To do —
The output is the lines below from the one with "(lead p). isE" through the one with "proof (rule ccontr)", both included, printed exactly and with no other line.

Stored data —
■ ■ ■ ■

(* Let $k\ge1$. The square Hermitian orthogonal design $\mathcal{H}_{2k-1}$ induces an irreducible representation of dimension $2^{k-1}$ of the group $\mathcal{G}_{2k-2}$.
   Context: Let $x_1,x_2,\ldots$ be formal real indeterminates. Define $\mathcal{H}_2=(x_1+x_2\sqrt{-1})$ and for $k>1$ the $2^{k-1}\times2^{k-1}$ matrix $\mathcal{H}_{2k}=\begin{pmatrix}\mathcal{H}_{2k-2} & (x_{2k-1}+x_{2k}\sqrt{-1})I_{2^{k-2}}\\ -(x_{2k-1}-x_{2k}\sqrt{-1})I_{2^{k-2}} & \mathcal{H}_{2k-2}^H\end{pmatrix}$ (conjugate transpose with $x_i$ real); $\mathcal{H}_{2k-1}$ is obtained from $\mathcal{H}_{2k}$ by setting $x_{2k}=0$. It satisfies $\mathcal{H}_{2k-1}^H\mathcal{H}_{2k-1}=(x_1^2+\cdots+x_{2k-1}^2)I$. For $m\ge0$, $\mathcal{G}_m$ is the group of order $2^{m+1}$ generated by $g_1,\ldots,g_m$ and a central element $-1$ of order $2$ subject to $g_i^2=-1$ and $g_ig_j=-g_jg_i$ for $i\ne j$. Induced representation: write $\mathcal{H}_{2k-1}=\sum_{i=1}^{2k-1}x_iE_{i-1}$ with $E_0,\ldots,E_{2k-2}\in M_{2^{k-1}}(\mathbb{C})$ (these are unitary with $E_i^HE_j+E_j^HE_i=0$ for $i\ne j$), let $G_i=E_0^HE_i$ for $i=1,\ldots,2k-2$; the induced representation $\rho$ of $\mathcal{G}_{2k-2}$ is given by $\rho(g_i)=G_i$, $\rho(-1)=-I$. *)

theory Defs
  imports Complex_Main "Jordan_Normal_Form.Matrix"
begin

definition mat_H :: "complex mat \<Rightarrow> complex mat" where
  "mat_H A = transpose_mat (map_mat cnj A)"

(* Hd k x = the 2^(k-1) x 2^(k-1) matrix \<H>_{2k} evaluated at real values x 1, x 2, ... (1-based);
   defined for k \<ge> 1 (the value at k = 0 is an irrelevant dummy) *)
fun Hd :: "nat \<Rightarrow> (nat \<Rightarrow> real) \<Rightarrow> complex mat" where
  "Hd 0 x = 0\<^sub>m 1 1"
| "Hd (Suc 0) x = mat 1 1 (\<lambda>_. Complex (x 1) (x 2))"
| "Hd (Suc (Suc k)) x =
     (let n = 2 ^ k; A = Hd (Suc k) x; z = Complex (x (2*k+3)) (x (2*k+4)) in
      four_block_mat A (z \<cdot>\<^sub>m 1\<^sub>m n) ((- cnj z) \<cdot>\<^sub>m 1\<^sub>m n) (mat_H A))"

(* \<H>_{2k-1}: set x_{2k} = 0 *)
definition Hodd :: "nat \<Rightarrow> (nat \<Rightarrow> real) \<Rightarrow> complex mat" where
  "Hodd k x = Hd k (x(2*k := 0))"

(* coefficient matrices: \<H>_{2k-1} = \<Sum>_{i=1}^{2k-1} x_i E_{i-1}; since \<H>_{2k-1} is linear in x,
   E_{i} is \<H>_{2k-1} evaluated at the unit vector x_{i+1} = 1, other x_j = 0 *)
definition Ecoef :: "nat \<Rightarrow> nat \<Rightarrow> complex mat" where
  "Ecoef k i = Hodd k (\<lambda>j. if j = i + 1 then 1 else 0)"

definition Gmat :: "nat \<Rightarrow> nat \<Rightarrow> complex mat" where
  "Gmat k i = mat_H (Ecoef k 0) * Ecoef k i"

(* The assignment g_i \<mapsto> R i (i = 1..m), -1 \<mapsto> -I extends to a representation of the group
   \<G>_m (presented by generators g_1..g_m, central -1 of order 2, g_i^2 = -1, g_i g_j = - g_j g_i)
   on \<complex>^n, i.e. the images satisfy the defining relations. *)
definition is_G_rep :: "nat \<Rightarrow> nat \<Rightarrow> (nat \<Rightarrow> complex mat) \<Rightarrow> bool" where
  "is_G_rep m n R \<longleftrightarrow>
     (\<forall>i\<in>{1..m}. R i \<in> carrier_mat n n \<and> R i * R i = - 1\<^sub>m n) \<and>
     (\<forall>i\<in>{1..m}. \<forall>j\<in>{1..m}. i \<noteq> j \<longrightarrow> R i * R j = - (R j * R i))"
theorem lemma3p1:
  fixes p c :: "'k::field fa" and r :: nat and \<tau> :: "nat set" and A :: "nat \<Rightarrow> nat \<Rightarrow> int"
    and i j :: nat and w :: word
  assumes "(2::'k) \<noteq> 0" and "(3::'k) \<noteq> 0"
    and "gcm r \<tau> A"
    and "i \<in> {1..r}" and "j \<in> {1..r}"
    and "inAE r p" and "homog \<tau> p" and "monic p"
    and "is_comp p (tt \<tau> i j) w c"
  shows "congr r c (dsub \<tau> j p) ({p} \<union> Wset r \<tau> A) w"
proof -
  have "lead p \<in> Poly_Mapping.keys p"
    using \<open>monic p\<close> lead_in_keys by (auto simp: monic_def)
  then have "\<forall>y\<in>set (lead p). isE y"
    using \<open>inAE r p\<close> by (simp add: inAE_def)
  then have "F j \<notin> set (lead p)"
    by auto
  with \<open>is_comp p (tt \<tau> i j) w c\<close> obtain u where "lead p = u @ [E i]" "w = lead p @ [F j]"
    "c = wmulc 1 [] p [F j] - wmulc 1 u (tt \<tau> i j) []"
    by (rule comp_tt_cases)
  then show ?thesis
    using congr_comp_tt_dsub[OF \<open>inAE r p\<close> \<open>homog \<tau> p\<close> \<open>monic p\<close> _ \<open>j \<in> {1..r}\<close>] by simp
qed

end
text \<open>(delta, delta')-good time. J is the connected component of the (lifted)
  preimage containing x; b not in T^j(J) means no point of J is mapped by T^j to b mod 1.\<close>
definition good_time :: "real \<Rightarrow> real \<Rightarrow> real \<Rightarrow> real \<Rightarrow> nat \<Rightarrow> bool" where
  "good_time b \<delta> \<delta>' x n \<longleftrightarrow> n > 0 \<and> circ_dist ((dbl ^^ n) x) b < \<delta>' \<and>
     (\<forall>j<n. \<forall>y \<in> connected_component_set (preimage_ball b \<delta> n) x.
        circ_dist ((dbl ^^ j) y) b \<noteq> 0)"

definition bad_set :: "real \<Rightarrow> real \<Rightarrow> real \<Rightarrow> real set" where
  "bad_set b \<delta> \<delta>' = {x \<in> {0..<1}. frac b \<in> omega_limit x \<and> \<not> (\<exists>n. good_time b \<delta> \<delta>' x n)}"

definition hausdorff_pre :: "real \<Rightarrow> real \<Rightarrow> 'a::metric_space set \<Rightarrow> ennreal" where
  "hausdorff_pre s d A = (INF U \<in> {U :: nat \<Rightarrow> 'a set. A \<subseteq> (\<Union>i. U i) \<and>
       (\<forall>i. bounded (U i) \<and> diameter (U i) \<le> d)}. (\<Sum>i. ennreal (diameter (U i) powr s)))"

definition hausdorff_measure :: "real \<Rightarrow> 'a::metric_space set \<Rightarrow> ennreal" where
  "hausdorff_measure s A = (SUP d \<in> {0<..}. hausdorff_pre s d A)"

definition hausdorff_dim :: "'a::metric_space set \<Rightarrow> ereal" where
  "hausdorff_dim A = Inf {ereal s | s. s > 0 \<and> hausdorff_measure s A = 0}"
lemma involution_fixpoint_if_odd_card:
  assumes "finite V" "f ` V \<subseteq> V" "\<And>x. x \<in> V \<Longrightarrow> f (f x) = x" "odd (card V)"
  shows "\<exists>x\<in>V. f x = x"
proof (rule ccontr)
  assume no_fixpoint: "\<not> (\<exists>x\<in>V. f x = x)"
  have "exact_period f 2 x" if "x \<in> V" for x
    unfolding exact_period_def
  proof
    fix j
    have "(f ^^ j) x = (f ^^ (j mod 2)) x"
      using assms(3)[OF that] by (simp add: funpow_mod_eq numeral_2_eq_2)
    then show "(f ^^ j) x = x \<longleftrightarrow> 2 dvd j"
      using no_fixpoint that by (cases "even j") (auto simp: mod_2_eq_odd)
  qed
  then have "2 dvd card V"
    using assms(1,2) by (intro dvd_card_if_exact_period) auto
  with assms(4) show False
    by simp
qed

lemma dvd_mult_iff_lcm_eq:
  fixes c p k :: nat
  assumes "0 < c"
  shows "(\<forall>j. p dvd c * j \<longleftrightarrow> k dvd j) \<longleftrightarrow> lcm c p = c * k"
proof -
  obtain q where q: "lcm c p = c * q"
    by (metis dvd_lcm1 dvdE)
  have "p dvd c * j \<longleftrightarrow> q dvd j" for j
    using assms by (metis lcm_least_iff q dvd_triv_left nat_mult_dvd_cancel_disj neq0_conv)
  then have "(\<forall>j. p dvd c * j \<longleftrightarrow> k dvd j) \<longleftrightarrow> (\<forall>j. q dvd j \<longleftrightarrow> k dvd j)"
    by simp
  also have "\<dots> \<longleftrightarrow> q = k"
    by (metis dvd_antisym dvd_refl)
  finally show ?thesis
    using assms q by simp
qed

lemma exact_period_funpow_iff_lcm:
  assumes "permutation f" "0 < c"
  shows "exact_period (f ^^ c) k y \<longleftrightarrow> lcm c (card (orbit f y)) = c * k"
  using exact_period_card_orbit[OF assms(1), of y] dvd_mult_iff_lcm_eq[OF assms(2)]
  by (simp add: exact_period_def funpow_mult)

lemma card_points_on_cycles_of_length:
  assumes "f permutes {..<n}"
  shows "card {y. y < n \<and> card (orbit f y) = d} = d * card {C \<in> perm_cycles n f. card C = d}"
proof -
  have perm: "permutation f"
    using assms by (auto simp: permutation_permutes)
  define CC where "CC = {C \<in> perm_cycles n f. card C = d}"
  have orbit_less: "orbit f x \<subseteq> {..<n}" if "x < n" for x
    using permutes_orbit_subset[OF assms] that by simp
  have "\<Union> CC = {y. y < n \<and> card (orbit f y) = d}"
  proof (intro set_eqI iffI)
    fix y assume "y \<in> \<Union> CC"
    then obtain x where "x < n" "y \<in> orbit f x" "card (orbit f x) = d"
      by (auto simp: CC_def perm_cycles_def)
    then show "y \<in> {y. y < n \<and> card (orbit f y) = d}"
      using orbit_less orbit_eq_if_mem[OF permutation_self_in_orbit[OF perm]] by auto
  next
    fix y assume "y \<in> {y. y < n \<and> card (orbit f y) = d}"
    then show "y \<in> \<Union> CC"
      using permutation_self_in_orbit[OF perm] by (auto simp: CC_def perm_cycles_def)
  qed
  moreover have "d * card CC = card (\<Union> CC)"
  proof (rule card_partition)
    show "finite CC"
      by (simp add: CC_def perm_cycles_def)
    show "finite (\<Union> CC)"
      using orbit_less by (auto simp: CC_def perm_cycles_def intro: finite_subset)
    show "\<And>C. C \<in> CC \<Longrightarrow> card C = d"
      by (simp add: CC_def)
    show "C1 \<inter> C2 = {}" if C12: "C1 \<in> CC" "C2 \<in> CC" "C1 \<noteq> C2" for C1 C2
    proof -
      obtain a b where "C1 = orbit f a" "C2 = orbit f b"
        using C12(1,2) by (auto simp: CC_def perm_cycles_def)
      then show ?thesis
        using C12(3) orbits_disjoint_if_neq permutation_self_in_orbit[OF perm] by metis
    qed
  qed
  ultimately show ?thesis
    by (simp add: CC_def)
qed
lemma exp_conv_0 [simp]: "exp_conv \<gamma> b 0 = 0"
  by (simp add: exp_conv_def)

lemma exp_conv_eq: "exp_conv \<gamma> b t = exp (- \<gamma> * t) * integral {0..t} (\<lambda>s. exp (\<gamma> * s) * b s)"
proof -
  have "(\<lambda>s. exp (- \<gamma> * (t - s)) * b s) = (\<lambda>s. exp (- \<gamma> * t) * (exp (\<gamma> * s) * b s))"
    by (auto simp: fun_eq_iff mult_exp_exp algebra_simps)
  then show ?thesis by (simp add: exp_conv_def)
qed

lemma exp_conv_has_real_derivative:
  assumes "continuous_on {0..T} b" and "r \<in> {0..T}"
  shows "(exp_conv \<gamma> b has_real_derivative b r - \<gamma> * exp_conv \<gamma> b r) (at r within {0..T})"
proof -
  have "((\<lambda>u. integral {0..u} (\<lambda>s. exp (\<gamma> * s) * b s)) has_real_derivative exp (\<gamma> * r) * b r)
      (at r within {0..T})"
    by (intro integral_has_real_derivative continuous_intros assms)
  from DERIV_mult[OF _ this, of "\<lambda>u. exp (- \<gamma> * u)" "- \<gamma> * exp (- \<gamma> * r)"]
  show ?thesis unfolding exp_conv_eq[abs_def]
    by (rule DERIV_cong) (auto intro!: derivative_eq_intros simp: algebra_simps mult_exp_exp)
qed

lemma continuous_on_exp_conv:
  assumes "continuous_on {0..T} b"
  shows "continuous_on {0..T} (exp_conv \<gamma> b)"
  using DERIV_continuous_on[OF exp_conv_has_real_derivative[OF assms]] .
(* Let $M$ be an $L$-structure, $G$ a group definable in $M$, and assume every complete type in $S_{G}(M)$ is definable. Then there is a universal minimal definable $G$-flow, it is unique up to isomorphism of $G$-flows (i.e. $G$-equivariant homeomorphism), and it coincides with any minimal nonempty closed $G$-invariant subset of $S_{G}(M)$ (with the restricted action).
   Context: $S_{G}(M)$ is the Stone space of complete types over $M$ containing the formula defining $G$, with $G$ acting by $g\cdot\mathrm{tp}(a/M)=\mathrm{tp}(ga/M)$ (computed in a saturated elementary extension of $M$). A type $p\in S(M)$ is definable if for every $L$-formula $\varphi(x,y)$, $\{b\in M:\varphi(x,b)\in p\}$ is definable in $M$. For a compact Hausdorff space $C$, a map $f\colon G\to C$ is definable if for any disjoint closed $C_{1},C_{2}\subseteq C$ there is a set $Y'\subseteq G$ definable in $M$ (with parameters) with $f^{-1}(C_{1})\subseteq Y'$ and $Y'\cap f^{-1}(C_{2})=\emptyset$. A definable $G$-flow is a compact Hausdorff space $X$ with an action of $G$ by homeomorphisms such that for each $x\in X$ the map $g\mapsto g\cdot x$ from $G$ to $X$ is definable. A $G$-map between flows is a continuous $G$-equivariant map. A minimal definable $G$-flow is a definable $G$-flow with no proper nonempty closed $G$-invariant subset. A universal minimal definable $G$-flow is a minimal definable $G$-flow $I$ such that for every minimal definable $G$-flow $X$ there is a $G$-map from $I$ to $X$. *)

theory Defs
  imports "HOL-Analysis.Analysis" "HOL-Algebra.Group"
begin

text \<open>Terms and formulas of a first-order language L with function symbols of
type 'f and relation symbols of type 'r (a symbol may be used with any
arity; equivalently the symbols are the pairs of a name and an arity).\<close>

datatype 'f tm = Var nat | Fn 'f "'f tm list"

datatype ('f, 'r) fm =
    Eq "'f tm" "'f tm"
  | Rel 'r "'f tm list"
  | Neg "('f, 'r) fm"
  | Conj "('f, 'r) fm" "('f, 'r) fm"
  | Ex nat "('f, 'r) fm"

fun fv_tm :: "'f tm \<Rightarrow> nat set" where
  "fv_tm (Var i) = {i}"
| "fv_tm (Fn f ts) = (\<Union>t\<in>set ts. fv_tm t)"

fun fv :: "('f, 'r) fm \<Rightarrow> nat set" where
  "fv (Eq s t) = fv_tm s \<union> fv_tm t"
| "fv (Rel r ts) = (\<Union>t\<in>set ts. fv_tm t)"
| "fv (Neg \<phi>) = fv \<phi>"
| "fv (Conj \<phi> \<psi>) = fv \<phi> \<union> fv \<psi>"
| "fv (Ex i \<phi>) = fv \<phi> - {i}"

record ('a, 'f, 'r) struc =
  dom :: "'a set"
  fnI :: "'f \<Rightarrow> 'a list \<Rightarrow> 'a"
  relI :: "'r \<Rightarrow> 'a list \<Rightarrow> bool"

definition is_struc :: "('a, 'f, 'r) struc \<Rightarrow> bool" where
  "is_struc M \<longleftrightarrow> dom M \<noteq> {} \<and>
     (\<forall>f xs. set xs \<subseteq> dom M \<longrightarrow> fnI M f xs \<in> dom M)"

fun eval :: "('a, 'f, 'r) struc \<Rightarrow> (nat \<Rightarrow> 'a) \<Rightarrow> 'f tm \<Rightarrow> 'a" where
  "eval M e (Var i) = e i"
| "eval M e (Fn f ts) = fnI M f (map (eval M e) ts)"

fun sat :: "('a, 'f, 'r) struc \<Rightarrow> (nat \<Rightarrow> 'a) \<Rightarrow> ('f, 'r) fm \<Rightarrow> bool" where
  "sat M e (Eq s t) = (eval M e s = eval M e t)"
| "sat M e (Rel r ts) = relI M r (map (eval M e) ts)"
| "sat M e (Neg \<phi>) = (\<not> sat M e \<phi>)"
| "sat M e (Conj \<phi> \<psi>) = (sat M e \<phi> \<and> sat M e \<psi>)"
| "sat M e (Ex i \<phi>) = (\<exists>a\<in>dom M. sat M (e(i := a)) \<phi>)"

definition tuples :: "('a, 'f, 'r) struc \<Rightarrow> nat \<Rightarrow> 'a list set" where
  "tuples M n = {a. length a = n \<and> set a \<subseteq> dom M}"

text \<open>The set defined in M^n by the formula phi(x_0..x_{n-1}, y) with the
parameter tuple c for y (variables x_i = i, y_j = n + j).\<close>
definition defset :: "('a, 'f, 'r) struc \<Rightarrow> nat \<Rightarrow> ('f, 'r) fm \<Rightarrow> 'a list \<Rightarrow> 'a list set" where
  "defset M n \<phi> c = {a \<in> tuples M n. sat M (\<lambda>i. (a @ c) ! i) \<phi>}"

■ ■ ■ ■

Answer for the task —
  then have "\<forall>y\<in>set (lead p). isE y"
    using \<open>inAE r p\<close> by (simp add: inAE_def)
  then have "F j \<notin> set (lead p)"
    by auto
  with \<open>is_comp p (tt \<tau> i j) w c\<close> obtain u where "lead p = u @ [E i]" "w = lead p @ [F j]"
    "c = wmulc 1 [] p [F j] - wmulc 1 u (tt \<tau> i j) []"
    by (rule comp_tt_cases)
  then show ?thesis
    using congr_comp_tt_dsub[OF \<open>inAE r p\<close> \<open>homog \<tau> p\<close> \<open>monic p\<close> _ \<open>j \<in> {1..r}\<close>] by simp
qed

end
text \<open>(delta, delta')-good time. J is the connected component of the (lifted)
  preimage containing x; b not in T^j(J) means no point of J is mapped by T^j to b mod 1.\<close>
definition good_time :: "real \<Rightarrow> real \<Rightarrow> real \<Rightarrow> real \<Rightarrow> nat \<Rightarrow> bool" where
  "good_time b \<delta> \<delta>' x n \<longleftrightarrow> n > 0 \<and> circ_dist ((dbl ^^ n) x) b < \<delta>' \<and>
     (\<forall>j<n. \<forall>y \<in> connected_component_set (preimage_ball b \<delta> n) x.
        circ_dist ((dbl ^^ j) y) b \<noteq> 0)"

definition bad_set :: "real \<Rightarrow> real \<Rightarrow> real \<Rightarrow> real set" where
  "bad_set b \<delta> \<delta>' = {x \<in> {0..<1}. frac b \<in> omega_limit x \<and> \<not> (\<exists>n. good_time b \<delta> \<delta>' x n)}"

definition hausdorff_pre :: "real \<Rightarrow> real \<Rightarrow> 'a::metric_space set \<Rightarrow> ennreal" where
  "hausdorff_pre s d A = (INF U \<in> {U :: nat \<Rightarrow> 'a set. A \<subseteq> (\<Union>i. U i) \<and>
       (\<forall>i. bounded (U i) \<and> diameter (U i) \<le> d)}. (\<Sum>i. ennreal (diameter (U i) powr s)))"

definition hausdorff_measure :: "real \<Rightarrow> 'a::metric_space set \<Rightarrow> ennreal" where
  "hausdorff_measure s A = (SUP d \<in> {0<..}. hausdorff_pre s d A)"

definition hausdorff_dim :: "'a::metric_space set \<Rightarrow> ereal" where
  "hausdorff_dim A = Inf {ereal s | s. s > 0 \<and> hausdorff_measure s A = 0}"
lemma involution_fixpoint_if_odd_card:
  assumes "finite V" "f ` V \<subseteq> V" "\<And>x. x \<in> V \<Longrightarrow> f (f x) = x" "odd (card V)"
  shows "\<exists>x\<in>V. f x = x"
proof (rule ccontr)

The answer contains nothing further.